** Opening Provided data block **
lemma centre_in_cell:
  assumes x: "x \<in> topspace X"
  shows "x \<in> cell x"
proof -
  have "p x \<in> p ` G x'" if "x' \<in> fibre (p x)" for x'
    using G_open that unfolding fibre_def by (metis (mono_tags, lifting) image_eqI mem_Collect_eq)
  then have "p x \<in> nbhd (p x)"
    using base_nbhd(2)[OF p_in_topspace[OF x]] unfolding nbhd_def by blast
  then show ?thesis
    using G_open[OF x] unfolding cell_def by blast
qed

lemma image_cell:
  assumes "x \<in> fibre y"
  shows "p ` cell x = nbhd y"
proof
  show "p ` cell x \<subseteq> nbhd y"
    using assms by (auto simp: cell_def fibre_def)
  show "nbhd y \<subseteq> p ` cell x"
  proof
    fix w assume w: "w \<in> nbhd y"
    then obtain z where "z \<in> G x" "p z = w"
      using assms unfolding nbhd_def by blast
    then show "w \<in> p ` cell x"
      using w assms by (auto simp: cell_def fibre_def)
  qed
qed

lemma cell_sheet_image:
  assumes "x \<in> topspace X"
  shows "slice X Y p (cell x)" "homeomorphic_map (subtopology X (cell x)) (subtopology Y (nbhd (p x))) p"
proof -
  obtain U where U: "sheet X Y p U" "G x \<subseteq> U"
    using G_subset_sheet[OF assms] .
  have "cell x \<subseteq> U"
    using U(2) cell_subset_G by blast
  then show "slice X Y p (cell x)"
    using slice_if_open_subset_sheet[OF continuous U(1)] openin_cell[OF assms] by blast
  show "homeomorphic_map (subtopology X (cell x)) (subtopology Y (nbhd (p x))) p"
    using sheet_open_subset(2)[OF U(1) \<open>cell x \<subseteq> U\<close> openin_cell[OF assms]] image_cell assms
    by (simp add: fibre_def)
qed
(* Let $G$ be a finite group. If $\mathcal{C}$ is a cycle of $\mathcal{P}(G)$ with maximum length, then $\ell(\mathcal{C})\geq w_G+1$. Moreover, if equality holds, then for every path $\mathcal{W}=c_1,\dots,c_k$ in $\mathcal{P}^*(G)/\mathtt{N}$ of maximum $\mathtt{N}$-weight, and for every $i\in\{2,\dots,k-1\}$ with $|c_i|\geq2$, there is no vertex $y$ of $\mathcal{P}^*(G)/\mathtt{N}$ with $y\notin\{c_1,\dots,c_k\}$, $y$ equal or adjacent to $c_i$, and $|y|\geq2$.
   Context: The power graph $\mathcal{P}(G)$ has vertex set $G$, and distinct $x,y$ are adjacent iff one is a positive integer power of the other; $\mathcal{P}^*(G)$ is its subgraph induced on $G\setminus\{1\}$. $N[x]$ is the closed neighbourhood of $x$ in $\mathcal{P}(G)$, and $x\mathtt{N}y$ iff $N[x]=N[y]$. $\mathcal{P}^*(G)/\mathtt{N}$ is the quotient graph whose vertices are the $\mathtt{N}$-classes of elements of $G\setminus\{1\}$, two distinct classes being adjacent iff some element of one is adjacent in $\mathcal{P}^*(G)$ to some element of the other. A path is a sequence of distinct vertices with consecutive ones adjacent; a cycle is a cyclic such sequence of $k\ge3$ distinct vertices, with length $\ell$ its number of edges. The $\mathtt{N}$-weight of a path $\mathcal{W}$ in $\mathcal{P}^*(G)/\mathtt{N}$ is $w_{\mathtt{N}}(\mathcal{W})=\sum_{c\in V_{\mathcal{W}}}|c|$, and $w_G$ is the maximum $\mathtt{N}$-weight of a path in $\mathcal{P}^*(G)/\mathtt{N}$. *)

theory Defs
  imports "HOL-Algebra.Group"
begin
(* Let $m\ge 0$ be an integer, $K\ge 1$, $h>0$, $L=Kh$, and work on the periodic interval $\mathbb{T}_L=\mathbb{R}/L\mathbb{Z}$. Let $c>0$ and $\Delta t>0$, and let $S_{\pm}$ be the shift operators $S_{\pm}f(x)=f(x\pm c\Delta t/2)$. Let $\mathcal{I}$ (resp. $\mathcal{J}$) denote the Hermite interpolation operator of order $m$ on the primary grid (resp. dual grid) defined below. Suppose $p^h(\cdot,n\Delta t)\in\operatorname{Range}(\mathcal{I})$ and $v^h(\cdot,(n+\tfrac12)\Delta t)\in\operatorname{Range}(\mathcal{J})$ for all integers $n\ge 0$ (with also $v^h(\cdot,-\Delta t/2)\in\operatorname{Range}(\mathcal J)$ given), and that for all $n\ge0$, with $t=n\Delta t$, $$v^h(\cdot,t+\tfrac{\Delta t}{2})=v^h(\cdot,t-\tfrac{\Delta t}{2})+\mathcal{J}S_{+}p^h(\cdot,t)-\mathcal{J}S_{-}p^h(\cdot,t),$$ $$p^h(\cdot,t+\Delta t)=p^h(\cdot,t)+\mathcal{I}S_{+}v^h(\cdot,t+\tfrac{\Delta t}{2})-\mathcal{I}S_{-}v^h(\cdot,t+\tfrac{\Delta t}{2}).$$ Define $P^h_{\pm}(\cdot,t)=p^h(\cdot,t)\mp S_{\pm}v^h(\cdot,t-\tfrac{\Delta t}{2})$ and $V^h_{\pm}(\cdot,t+\tfrac{\Delta t}{2})=v^h(\cdot,t+\tfrac{\Delta t}{2})\mp S_{\pm}p^h(\cdot,t)$, and $$Q^h(t)=|P^h_+(\cdot,t)|_{m+1}^2+|P^h_-(\cdot,t)|_{m+1}^2,\qquad R^h(t+\tfrac{\Delta t}{2})=|V^h_+(\cdot,t+\tfrac{\Delta t}{2})|_{m+1}^2+|V^h_-(\cdot,t+\tfrac{\Delta t}{2})|_{m+1}^2.$$ Then for every integer $n\ge 0$, $Q^h((n+1)\Delta t)=R^h((n+\tfrac12)\Delta t)=Q^h(n\Delta t)$; in particular $Q^h(n\Delta t)=R^h((n+\tfrac12)\Delta t)=Q^h(0)$ for all $n$.
   Context: Primary grid: nodes $x_j=jh$, $j=0,\dots,K-1$ (mod $L$); dual grid: nodes $x_{j+1/2}=(j+\tfrac12)h$. For a smooth $L$-periodic function $f$, the Hermite interpolant of order $m$ on the primary grid, $\mathcal{I}f$, is the unique $L$-periodic function which on each cell $[x_j,x_{j+1}]$ is a polynomial of degree at most $2m+1$ and whose value and first $m$ derivatives agree with those of $f$ at both endpoints of the cell; $\mathcal{J}$ is defined identically with the dual-grid nodes as cell endpoints. Both are linear projections, and their ranges consist of $C^m$ periodic piecewise polynomials. The seminorm is $|f|_{m+1}^2=\int_{\mathbb{T}_L}|\partial_x^{m+1}f|^2\,dx$ with associated semi-inner product $\langle f,g\rangle_{m+1}=\int_{\mathbb{T}_L}\partial_x^{m+1}f\,\partial_x^{m+1}g\,dx$. It is a known fact (Goodrich et al.) that each of $\mathcal{I},\mathcal{J}$ satisfies the orthogonality property $\langle \mathcal{I}f,\,g-\mathcal{I}g\rangle_{m+1}=0$ for all smooth (or range-of-interpolation) periodic $f,g$. The displayed update is the one-dimensional Hermite-leapfrog scheme for $p_t=c\,v_x$, $v_t=c\,p_x$ (valid as a description of the scheme when $c\Delta t<h$). *)

theory Defs
  imports "HOL-Analysis.Analysis" "HOL-Computational_Algebra.Polynomial"
begin

text \<open>Shift operator: (shift a f) x = f (x + a).  S_+ = shift (c dt/2), S_- = shift (-(c dt/2)).\<close>
definition shift :: "real \<Rightarrow> (real \<Rightarrow> real) \<Rightarrow> real \<Rightarrow> real" where
  "shift a f = (\<lambda>x. f (x + a))"

definition hermite_interpolant ::
  "nat \<Rightarrow> real \<Rightarrow> nat \<Rightarrow> real \<Rightarrow> (real \<Rightarrow> real) \<Rightarrow> (real \<Rightarrow> real) \<Rightarrow> bool" where
  "hermite_interpolant m h K x0 f g \<longleftrightarrow>
     (\<forall>x. g (x + real K * h) = g x) \<and>
     (\<forall>j::int. \<exists>q::real poly. degree q \<le> 2 * m + 1 \<and>
        (\<forall>x\<in>{x0 + of_int j * h .. x0 + (of_int j + 1) * h}. g x = poly q x) \<and>
        (\<forall>k\<le>m. poly ((pderiv ^^ k) q) (x0 + of_int j * h) = (deriv ^^ k) f (x0 + of_int j * h)
              \<and> poly ((pderiv ^^ k) q) (x0 + (of_int j + 1) * h)
                  = (deriv ^^ k) f (x0 + (of_int j + 1) * h)))"

text \<open>The Hermite interpolation operator (primary grid: x0 = 0; dual grid: x0 = h/2).\<close>
definition hermite_op ::
  "nat \<Rightarrow> real \<Rightarrow> nat \<Rightarrow> real \<Rightarrow> (real \<Rightarrow> real) \<Rightarrow> real \<Rightarrow> real" where
  "hermite_op m h K x0 f = (THE g. hermite_interpolant m h K x0 f g)"

text \<open>Range of the (projection) operator = its fixed points: the L-periodic C^m
  piecewise polynomials of degree at most 2m+1 with breakpoints at the grid nodes.\<close>
definition hermite_range :: "nat \<Rightarrow> real \<Rightarrow> nat \<Rightarrow> real \<Rightarrow> (real \<Rightarrow> real) set" where
  "hermite_range m h K x0 = {g. hermite_interpolant m h K x0 g g}"

definition seminorm_sq :: "nat \<Rightarrow> real \<Rightarrow> nat \<Rightarrow> (real \<Rightarrow> real) \<Rightarrow> real" where
  "seminorm_sq m h K f = integral {0 .. real K * h} (\<lambda>x. ((deriv ^^ Suc m) f x)\<^sup>2)"

text \<open>p x t = p^h(x,t), v x t = v^h(x,t).\<close>
definition Qh :: "nat \<Rightarrow> real \<Rightarrow> nat \<Rightarrow> real \<Rightarrow> real \<Rightarrow>
    (real \<Rightarrow> real \<Rightarrow> real) \<Rightarrow> (real \<Rightarrow> real \<Rightarrow> real) \<Rightarrow> real \<Rightarrow> real" where
  "Qh m h K c dt p v t =
     seminorm_sq m h K (\<lambda>x. p x t - shift (c * dt / 2) (\<lambda>y. v y (t - dt / 2)) x)
   + seminorm_sq m h K (\<lambda>x. p x t + shift (- (c * dt / 2)) (\<lambda>y. v y (t - dt / 2)) x)"

definition Rh :: "nat \<Rightarrow> real \<Rightarrow> nat \<Rightarrow> real \<Rightarrow> real \<Rightarrow>
    (real \<Rightarrow> real \<Rightarrow> real) \<Rightarrow> (real \<Rightarrow> real \<Rightarrow> real) \<Rightarrow> real \<Rightarrow> real" where
  "Rh m h K c dt p v s =
     seminorm_sq m h K (\<lambda>x. v x s - shift (c * dt / 2) (\<lambda>y. p y (s - dt / 2)) x)
   + seminorm_sq m h K (\<lambda>x. v x s + shift (- (c * dt / 2)) (\<lambda>y. p y (s - dt / 2)) x)"

end

theory Submission
  imports Defs
begin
** Closing Provided data block **
## Required action
The word "imports" occurs on some lines of the data. Give the number of those lines only.

## Task solution
3